We have all been strangers. While we enjoy the privilege of attending a bright, shiny nursery school and feeling that we very much “belong” in the community we create here, we know that our history has not always been so settled. We know also that this history informs us to reach out with open arms to the strangers around us, in the never-ending work of tikkun olam, of repairing the world. Our history as immigrants informs both who we are and how we interact with the world around us.
As a school community, we are proud to share that we are starting a new initiative this year to embrace the two-fold influence of Our Immigrant Stories – how they have shaped who we are, and how they shape our responsibility to other immigrants. In partnership with our Parents Association, we will be working in the coming months to make Our Immigrant Stories visible, tangible, and relevant to our community.

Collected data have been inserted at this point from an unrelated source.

lemma has_real_derivative_divide_power2:
  fixes f :: "real \<Rightarrow> real"
  assumes "(f has_real_derivative f') (at t)" "f t \<noteq> 0"
  shows "((\<lambda>x. c / (f x)\<^sup>2) has_real_derivative - 2 * c * f' / f t ^ 3) (at t)"
  using assms by (auto intro!: derivative_eq_intros simp: field_simps eval_nat_numeral)

lemma strict_min_of_derivative_sign_change:
  fixes f f' :: "real \<Rightarrow> real"
  assumes deriv: "\<And>t. a < t \<Longrightarrow> t < b \<Longrightarrow> (f has_real_derivative f' t) (at t)"
    and neg: "\<And>t. a < t \<Longrightarrow> t < c \<Longrightarrow> f' t < 0"
    and pos: "\<And>t. c < t \<Longrightarrow> t < b \<Longrightarrow> 0 < f' t"
    and "a < c" "c < b" "a < x" "x < b" "x \<noteq> c"
  shows "f c < f x"
proof -
  have cont: "continuous_on {s..t} f" if "a < s" "t < b" for s t
    using that by (intro continuous_at_imp_continuous_on ballI DERIV_isCont[OF deriv]) auto
  show ?thesis
  proof (cases "x < c")
    case True
    show ?thesis
      by (rule DERIV_neg_imp_decreasing_open[OF True _ cont])
        (use assms True in \<open>auto intro!: exI[of _ "f' _"] deriv neg\<close>)
  next
    case False
    with \<open>x \<noteq> c\<close> have "c < x" by simp
    show ?thesis
      by (rule DERIV_pos_imp_increasing_open[OF \<open>c < x\<close> _ cont])
        (use assms \<open>c < x\<close> in \<open>auto intro!: exI[of _ "f' _"] deriv pos\<close>)
  qed
qed

lemma minimizer_iff_eq_strict_minimizer:
  fixes f :: "'a \<Rightarrow> 'b::linorder"
  assumes "P c" "\<And>x. P x \<Longrightarrow> x \<noteq> c \<Longrightarrow> f c < f x"
  shows "(P x \<and> (\<forall>y. P y \<longrightarrow> f x \<le> f y)) \<longleftrightarrow> x = c"
  using assms by (metis le_less not_le)

abbreviation hopf_link :: "real \<Rightarrow> link" where
  "hopf_link \<Delta> \<equiv> [square1, square2 \<Delta>]"

lemma link_edges_hopf_link: "link_edges (hopf_link D) = {0,1} \<times> {0,1,2,3}"
  by (auto simp: link_edges_def square1_def square2_def less_Suc_eq numeral_eq_Suc)

lemma edge_len_hopf_link:
  assumes "e \<in> link_edges (hopf_link D)"
  shows "edge_len (hopf_link D) e = 2"
  using assms unfolding link_edges_hopf_link
  by (auto simp: edge_len_def edge_start_def edge_end_def square1_def square2_def
      dist_vec_def L2_set_def sum_3 dist_real_def)

lemma share_no_vertex_hopf_link:
  assumes "k < 2"
  shows "share_no_vertex (hopf_link D) (k, i) (k', i')
           \<longleftrightarrow> k \<noteq> k' \<or> {i, Suc i mod 4} \<inter> {i', Suc i' mod 4} = {}"
  using assms
  by (auto simp: share_no_vertex_def edge_vertex_idx_def less_2_cases_iff square1_def square2_def)

context
  notes [simp] = power2_dist_vec sum_3 forall_3 abs_if algebra_simps
begin

lemma hopf_link_MD_same_component:
  shows "(MD (hopf_link D) (0,0) (0,2))\<^sup>2 = 4"
    and "(MD (hopf_link D) (0,1) (0,3))\<^sup>2 = 4"
    and "(MD (hopf_link D) (1,0) (1,2))\<^sup>2 = 4"
    and "(MD (hopf_link D) (1,1) (1,3))\<^sup>2 = 4"
  unfolding MD_def edge_seg_def edge_start_def edge_end_def square1_def square2_def
  subgoal by (subst setdist_closed_segments_eq[of 0 1]) auto
  subgoal by (subst setdist_closed_segments_eq[of 0 1]) auto
  subgoal by (subst setdist_closed_segments_eq[of 0 1]) auto
  subgoal by (subst setdist_closed_segments_eq[of 0 1]) auto
  done

lemma hopf_link_MD_cross:
  assumes "0 < D" "D < 2"
  shows "(MD (hopf_link D) (0,0) (1,0))\<^sup>2 = 2"
    and "(MD (hopf_link D) (0,0) (1,1))\<^sup>2 = 1"
    and "(MD (hopf_link D) (0,0) (1,2))\<^sup>2 = 2"
    and "(MD (hopf_link D) (0,0) (1,3))\<^sup>2 = 1 + D\<^sup>2"
    and "(MD (hopf_link D) (0,1) (1,0))\<^sup>2 = 1 + D\<^sup>2"
    and "(MD (hopf_link D) (0,1) (1,1))\<^sup>2 = D\<^sup>2"
    and "(MD (hopf_link D) (0,1) (1,2))\<^sup>2 = 1 + D\<^sup>2"
    and "(MD (hopf_link D) (1,3) (0,1))\<^sup>2 = (2 + D)\<^sup>2"
    and "(MD (hopf_link D) (0,2) (1,0))\<^sup>2 = 2"
    and "(MD (hopf_link D) (0,2) (1,1))\<^sup>2 = 1"
    and "(MD (hopf_link D) (0,2) (1,2))\<^sup>2 = 2"
    and "(MD (hopf_link D) (0,2) (1,3))\<^sup>2 = 1 + D\<^sup>2"
    and "(MD (hopf_link D) (0,3) (1,0))\<^sup>2 = 1"
    and "(MD (hopf_link D) (0,3) (1,1))\<^sup>2 = (2 - D)\<^sup>2"
    and "(MD (hopf_link D) (0,3) (1,2))\<^sup>2 = 1"
    and "(MD (hopf_link D) (0,3) (1,3))\<^sup>2 = D\<^sup>2"
  unfolding MD_def edge_seg_def edge_start_def edge_end_def square1_def square2_def
  subgoal by (subst setdist_closed_segments_eq[of 0 "D/2"]) (use assms in auto)
  subgoal by (subst setdist_closed_segments_eq[of "1-D/2" "1/2"]) (use assms in auto)
  subgoal by (subst setdist_closed_segments_eq[of 0 "1-D/2"]) (use assms in auto)
  subgoal by (subst setdist_closed_segments_eq[of 0 "1/2"]) (use assms in auto)
  subgoal by (subst setdist_closed_segments_eq[of "1/2" 1]) (use assms in auto)
  subgoal by (subst setdist_closed_segments_eq[of "1/2" "1/2"]) (use assms in auto)
  subgoal by (subst setdist_closed_segments_eq[of "1/2" 0]) (use assms in auto)
  subgoal by (subst setdist_closed_segments_eq[of "1/2" "1/2"]) (use assms in auto)
  subgoal by (subst setdist_closed_segments_eq[of 1 "D/2"]) (use assms in auto)
  subgoal by (subst setdist_closed_segments_eq[of "D/2" "1/2"]) (use assms in auto)
  subgoal by (subst setdist_closed_segments_eq[of "D/2" 0]) (use assms in auto)
  subgoal by (subst setdist_closed_segments_eq[of 1 "1/2"]) (use assms in auto)
  subgoal by (subst setdist_closed_segments_eq[of "1/2" "D/2"]) (use assms in auto)
  subgoal by (subst setdist_closed_segments_eq[of "1/2" "1/2"]) (use assms in auto)
  subgoal by (subst setdist_closed_segments_eq[of "1/2" "1-D/2"]) (use assms in auto)
  subgoal by (subst setdist_closed_segments_eq[of "1/2" "1/2"]) (use assms in auto)
  done

end

lemma MD_energy_hopf_link:
  assumes "0 < D" "D < 2"
  shows "MD_energy (hopf_link D) = hopf_E D"
proof -
  have swap: "(MD (hopf_link D) e' e)\<^sup>2 = c" if "(MD (hopf_link D) e e')\<^sup>2 = c" for e e' c
    using that by (simp add: MD_commute)
  note MD_sq = hopf_link_MD_same_component hopf_link_MD_cross[OF assms]
  have "MD_energy (hopf_link D) = (\<Sum>e\<in>link_edges (hopf_link D). \<Sum>e'\<in>link_edges (hopf_link D).
      if e \<noteq> e' \<and> share_no_vertex (hopf_link D) e e' then 4 / (MD (hopf_link D) e e')\<^sup>2 else 0)"
    unfolding MD_energy_eq_double_sum by (intro sum.cong refl) (simp add: edge_len_hopf_link)
  also have "\<dots> = hopf_E D"
    using MD_sq MD_sq[THEN swap]
    by (simp add: link_edges_hopf_link sum.cartesian_product[symmetric] share_no_vertex_hopf_link
        hopf_E_def distrib_left)
  finally show ?thesis .
qed

lemma hopf_E_has_derivative:
  assumes "0 < t" "t < 2"
  shows "(hopf_E has_real_derivative
           64 * hopf_poly (t\<^sup>2) / (t ^ 3 * (2 - t) ^ 3 * (2 + t) ^ 3 * (1 + t\<^sup>2)\<^sup>2)) (at t)"
proof -
  have "0 < 1 + t\<^sup>2"
    by (intro add_pos_nonneg) auto
  then have "((\<lambda>x. 4 / (1 + x\<^sup>2)) has_real_derivative - 8 * t / (1 + t\<^sup>2)\<^sup>2) (at t)"
    by (auto intro!: derivative_eq_intros simp: field_simps eval_nat_numeral)
  moreover have "((\<lambda>x. 1 / (2 + x)\<^sup>2) has_real_derivative - 2 / (2 + t) ^ 3) (at t)"
    "((\<lambda>x. 1 / (2 - x)\<^sup>2) has_real_derivative 2 / (2 - t) ^ 3) (at t)"
    "((\<lambda>x. 2 / x\<^sup>2) has_real_derivative - 4 / t ^ 3) (at t)"
    using assms
    by (auto intro!: has_real_derivative_divide_power2[THEN DERIV_cong] derivative_eq_intros)
  ultimately have "(hopf_E has_real_derivative
      0 + 8 * (- 2 / (2 + t) ^ 3 + 2 / (2 - t) ^ 3 + - 4 / t ^ 3 + 0 + 0 + - 8 * t / (1 + t\<^sup>2)\<^sup>2)) (at t)"
    unfolding hopf_E_def[abs_def] by (intro DERIV_add DERIV_cmult DERIV_const)
  moreover have "8 * (- 2 * t ^ 3 * (2 - t) ^ 3 * (1 + t\<^sup>2)\<^sup>2 + 2 * t ^ 3 * (2 + t) ^ 3 * (1 + t\<^sup>2)\<^sup>2
      - 4 * (2 + t) ^ 3 * (2 - t) ^ 3 * (1 + t\<^sup>2)\<^sup>2 - 8 * (t * t ^ 3) * (2 + t) ^ 3 * (2 - t) ^ 3)
      = 64 * hopf_poly (t\<^sup>2)"
    unfolding hopf_poly_def by algebra
  ultimately show ?thesis
    using assms \<open>0 < 1 + t\<^sup>2\<close> by (simp add: field_simps)
qed

lemma hopf_poly_neg_le_one:
  assumes "0 < x" "x \<le> 1"
  shows "hopf_poly x < 0"
proof -
  have "x ^ 5 \<le> 1" "x\<^sup>2 \<le> 1" "x ^ 3 \<le> x\<^sup>2" "0 \<le> x ^ 4"
    using assms by (auto intro: power_le_one power_decreasing)
  then show ?thesis
    unfolding hopf_poly_def using assms by linarith
qed

lemma hopf_poly_strict_mono_ge_one:
  assumes "1 \<le> x" "x < y"
  shows "hopf_poly x < hopf_poly y"
proof (rule DERIV_pos_imp_increasing[OF \<open>x < y\<close>])
  fix t assume "x \<le> t" "t \<le> y"
  with assms have "1 \<le> t" by simp
  then have "t \<le> t\<^sup>2"
    by (simp add: power2_eq_square)
  moreover have "0 \<le> 10 * t\<^sup>2 * (t - 2)\<^sup>2"
    by simp
  moreover have "10 * t\<^sup>2 * (t - 2)\<^sup>2 = 10 * t ^ 4 - 40 * t ^ 3 + 40 * t\<^sup>2"
    by algebra
  ultimately have "0 < 10 * t ^ 4 - 40 * t ^ 3 + 219 * t\<^sup>2 - 96 * t - 40"
    using \<open>1 \<le> t\<close> by linarith
  moreover have "(hopf_poly has_real_derivative 10 * t ^ 4 - 40 * t ^ 3 + 219 * t\<^sup>2 - 96 * t - 40) (at t)"
    unfolding hopf_poly_def[abs_def] by (rule derivative_eq_intros refl | simp)+
  ultimately show "\<exists>y. (hopf_poly has_real_derivative y) (at t) \<and> 0 < y"
    by blast
qed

Beginning with our preK families, we will be inviting our parents to sit down for a (non-mandatory) short “interview” about your family’s background. Where is your family from? How are different parts of the world present in your family’s life? What is your Immigrant Story? We will be compiling a recording of Our Immigrant Stories to share with our school community in a “Listening party” later in the year, and will be complementing this with a visual display in our Common Space. Heading up this part of the initiative will be our atelierista Sari Lipschitz and Eric Winick, Chief Marketing Officer at JCC Manhattan. Our hope is that in the months and years to come, our school children become intimately familiar with their family’s history and the locations in the world that have influenced who they are.
Our Parents Association will be establishing meaningful ways to use Our Immigrant Stories as a catalyst for action. Throughout our city and our country, immigrants and strangers are in need of help and support. We have been those immigrants, and we have known that persecution. We heed the Biblical mandate to open our arms and see ourselves in the stranger. The second half of this initiative is that we will be looking to contribute goods and services to communities of more recently-arrived immigrants, and to build relationships with nursery schools who serve those immigrants. Heading up this part of the initiative will be our Associate Director Shari Taishoff and our PA leadership.
I invite you and your children to partner with me and our school team in this project. In a nation that finds itself polarized and tense, it is my hope that through this project we can find ourselves using Jewish values to build and broaden an inclusive community that embraces immigrants and strangers.
If you are struck with an idea, a story, or a question, please reach out and share. I look forward to learning more about the many stories that our families have in the months and years to come.